EXERCISE INSTRUCTIONS: Report the number of lines in the data below that hold "where", without any other words.

Saved data entries:
★ ★ ★ ★ ★

lemma eventually_copositive_on_diff_Emat:
  "\<forall>\<^sub>F g in at_right 0. copositive_on S (A - g *\<^sub>R Emat i j)"
  using finite[of S]
proof (induction rule: finite_psubset_induct)
  case (psubset S)
  show ?case
  proof (cases "\<exists>u. is_zero A u \<and> supp u \<subseteq> S")
    case True
    then obtain z where z: "minimal_zero A z" "supp z \<subseteq> S"
      using minimal_zero_below by (meson order.trans)
    then have z_nonneg: "\<forall>k. 0 \<le> z $ k" and "z \<noteq> 0" and Az: "z \<bullet> (A *v z) = 0"
      by (simp_all add: minimal_zero_def is_zero_def)
    have "\<forall>\<^sub>F g in at_right 0. \<forall>k\<in>S. copositive_on (S - {k}) (A - g *\<^sub>R Emat i j)"
      using psubset.IH by (intro eventually_ball_finite) auto
    with eventually_Emat_mult_le[OF z(1)] show ?thesis
    proof eventually_elim
      case (elim g)
      have "transpose (A - g *\<^sub>R Emat i j) = A - g *\<^sub>R Emat i j"
        using cop by (simp add: copositive_def transpose_diff_scaleR transpose_Emat)
      then show ?case
        using copositive_on_if_zero_direction[OF _ z_nonneg \<open>z \<noteq> 0\<close> z(2) _ _ elim(2)]
          elim(1) Az
        by (simp add: mult_vector_diff_scaleR_nth quadratic_form_diff_scaleR
            minimal_zero_quadratic_Emat_eq_0[OF z(1)])
    qed
  next
    case False
    have "0 < x \<bullet> (A *v x)" if "\<forall>k. 0 \<le> x $ k" "supp x \<subseteq> S" "x \<noteq> 0" for x
    proof -
      have "x \<bullet> (A *v x) \<noteq> 0" using that False by (auto simp: is_zero_def)
      moreover have "0 \<le> x \<bullet> (A *v x)" using that cop by (simp add: copositive_def)
      ultimately show ?thesis by simp
    qed
    then show ?thesis by (rule eventually_copositive_on_diff)
  qed
qed

lemma copositive_diff_Emat:
  obtains g where "0 < g" "copositive (A - g *\<^sub>R Emat i j)"
proof -
  have "\<forall>\<^sub>F g in at_right 0. 0 < g \<and> copositive_on UNIV (A - g *\<^sub>R Emat i j)"
    using eventually_at_right_less eventually_copositive_on_diff_Emat by (rule eventually_conj)
  then obtain g where "0 < g" "copositive_on UNIV (A - g *\<^sub>R Emat i j)"
    using eventually_happens'[OF trivial_limit_at_right_real] by blast
  moreover have "transpose (A - g *\<^sub>R Emat i j) = A - g *\<^sub>R Emat i j"
    using cop by (simp add: copositive_def transpose_diff_scaleR transpose_Emat)
  ultimately show thesis using that by (simp add: copositive_iff_copositive_on_UNIV)
qed

end

theorem lemma4p1:
  fixes A :: "real^'n^'n" and i j :: 'n
  assumes "copositive A"
  shows "irreducible_wrt A {Emat i j} \<longleftrightarrow>
    (\<exists>u. minimal_zero A u \<and> (A *v u) $ i = 0 \<and> (A *v u) $ j = 0 \<and> u $ i + u $ j > 0)"
proof
  assume irreducible: "irreducible_wrt A {Emat i j}"
  show "\<exists>u. minimal_zero A u \<and> (A *v u) $ i = 0 \<and> (A *v u) $ j = 0 \<and> u $ i + u $ j > 0"
  proof (rule ccontr)
    assume "\<not> ?thesis"
    then obtain g where "0 < g" "copositive (A - g *\<^sub>R Emat i j)"
      using copositive_diff_Emat[OF assms] by blast
    with irreducible Emat_neq_0[of i j] show False by (auto simp: irreducible_wrt_def)
  qed
next
  assume "\<exists>u. minimal_zero A u \<and> (A *v u) $ i = 0 \<and> (A *v u) $ j = 0 \<and> u $ i + u $ j > 0"
  then obtain u where "is_zero A u" "(A *v u) $ i = 0" "(A *v u) $ j = 0" "u $ i + u $ j > 0"
    by (auto simp: minimal_zero_def)
  with not_copositive_diff_Emat_if_zero[OF assms] show "irreducible_wrt A {Emat i j}"
    by (auto simp: irreducible_wrt_def)
qed

end
(* Let $m,n$ be nonnegative integers with $0\leqslant m\leqslant n$, let $\varepsilon\in\{+1,-1\}$, and let $z\in\mathbb{C}\setminus(-\infty,1]$. Then \begin{align*} \frac{\mathrm{d}^{m}}{\mathrm{d}z^{m}}\bigl[P_{n}(z)\ln(z+\varepsilon)\bigr] &= \frac{(2m)!}{2^{m}m!}C_{n-m}^{(m+1/2)}(z)\ln(z+\varepsilon) +\frac{(2m)!}{2^{m}m!}[\psi(n+1)-\psi(n-m+1)]C_{n-m}^{(m+1/2)}(z)\\ &\quad +(-\varepsilon)^{n}\frac{(n+m)!}{(n-m)!}(z^{2}-1)^{-m/2}\sum_{k=0}^{m-1}(-1)^{k}\frac{2k+1}{(n-k)(k+n+1)}P_{k}^{-m}(\varepsilon z)\\ &\quad -(-\varepsilon)^{n+m}\frac{(2m)!}{2^{m}m!}\sum_{k=0}^{n-m-1}(-\varepsilon)^{k}\frac{2k+2m+1}{(n-m-k)(k+n+m+1)}\left[1-\frac{k!\,(n+m)!}{(k+2m)!\,(n-m)!}\right]C_{k}^{(m+1/2)}(z). \end{align*}
   Context: $P_n(z)$ denotes the Legendre polynomial of degree $n$. $C_{j}^{(\alpha)}(z)$ denotes the Gegenbauer (ultraspherical) polynomial of degree $j$ and parameter $\alpha$. $\psi(\zeta)=\Gamma'(\zeta)/\Gamma(\zeta)$ is the digamma function. The complex plane is cut along the real axis from $-\infty$ to $+1$; for $z\in\mathbb{C}\setminus(-\infty,1]$, $\ln(z\pm1)$ and all fractional powers $(z\pm1)^{s}$ denote principal branches, and $(z^{2}-1)^{-m/2}:=(z-1)^{-m/2}(z+1)^{-m/2}$. The associated Legendre function of the first kind of negative integer order is $P_{k}^{-m}(\zeta)=\frac{1}{m!}\left(\frac{\zeta-1}{\zeta+1}\right)^{m/2}{}_{2}F_{1}\!\left(-k,k+1;1+m;\frac{1-\zeta}{2}\right)$, where for $\zeta=z$ one takes $\left(\frac{z-1}{z+1}\right)^{m/2}:=(z-1)^{m/2}(z+1)^{-m/2}$, and for $\zeta=-z$ one takes $\left(\frac{-z-1}{-z+1}\right)^{m/2}:=(z+1)^{m/2}(z-1)^{-m/2}$ (consistent with $-z\mp1=\mathrm{e}^{\mp\mathrm{i}\pi}(z\pm1)$ on the cut plane). The case $\varepsilon=+1$ concerns $\ln(z+1)$ and the case $\varepsilon=-1$ concerns $\ln(z-1)$. Empty sums are zero. *)

theory Defs
  imports "HOL-Analysis.Analysis"
begin
lemma frob_ver:
  assumes "y \<in> carrier (E s s)"
  shows "frob s (D (Suc s) (Suc s) (ver s y)) = D s s y"
    and "frob s (ver s y) = [p] \<cdot>\<^bsub>E s s\<^esub> y"
proof -
  have z: "iso_inv s y \<in> carrier (E (Suc s) s)"
    using iso_inv_closed[OF assms] .
  have Th_hom: "Th (Suc s) s s \<in> ring_hom (E (Suc s) s) (E s s)"
    using Th_iso(1)[OF order_refl lessI] unfolding graded_ring_hom_def by blast
  show "frob s (D (Suc s) (Suc s) (ver s y)) = D s s y"
    using itres_D_ittr[of s "Suc s" "Suc s", OF _ _ z] Th_iso(4)[OF order_refl lessI z]
      Th_iso_inv[OF assms] by simp
  show "frob s (ver s y) = [p] \<cdot>\<^bsub>E s s\<^esub> y"
    using itres_ittr[of s "Suc s" "Suc s", OF _ _ z] Th_iso_inv[OF assms]
      ring_hom_add_pow[OF Th_hom ring_E ring_E z, of p] by simp
qed

lemma witt_complex_top:
  "witt_complex p (\<lambda>s. E s s) (\<lambda>s. G s s) (\<lambda>s. D s s) (\<lambda>s. Rr (Suc s) (Suc s)) (\<lambda>s. Lam s s)
     frob ver"
  unfolding witt_complex_def
  using dg_ring_E Rr_top_graded_ring_hom Rr_top_D Lam_green Lam_witt_R
    frob_graded_ring_hom frob_Rr Lam_witt_F frob_D_Lam_teich
    ver_graded_add_hom Rr_ver Lam_witt_V ver_projection_formula frob_ver
  by simp

end

theorem mainTheorem4:
  fixes p :: nat
    and E :: "nat \<Rightarrow> nat \<Rightarrow> 'e ring" and G :: "nat \<Rightarrow> nat \<Rightarrow> nat \<Rightarrow> 'e set"
    and D Res Tr C Rr :: "nat \<Rightarrow> nat \<Rightarrow> 'e \<Rightarrow> 'e"
    and Th :: "nat \<Rightarrow> nat \<Rightarrow> nat \<Rightarrow> 'e \<Rightarrow> 'e"
    and Lam :: "nat \<Rightarrow> nat \<Rightarrow> (nat \<Rightarrow> 'r::comm_ring_1) \<Rightarrow> 'e"
  assumes "prime p" and "odd p"
    and "\<forall>l::nat. prime l \<and> l \<noteq> p \<longrightarrow> (\<exists>u::'r. of_nat l * u = 1)"
    and "equiv_witt_complex p E G D Res Tr C Th Rr Lam"
  shows "witt_complex p (\<lambda>s. E s s) (\<lambda>s. G s s) (\<lambda>s. D s s) (\<lambda>s. Rr (Suc s) (Suc s)) (\<lambda>s. Lam s s)
           (\<lambda>s x. Th (Suc s) s s (Res (Suc s) (Suc s) x))
           (\<lambda>s y. Tr (Suc s) (Suc s) (inv_into (carrier (E (Suc s) s)) (Th (Suc s) s s) y))"
  using equivariant_witt_complex.witt_complex_top[OF equivariant_witt_complex.intro[OF assms(4)]] .

end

★ ★ ★ ★ ★

EXERCISE RESULT: 6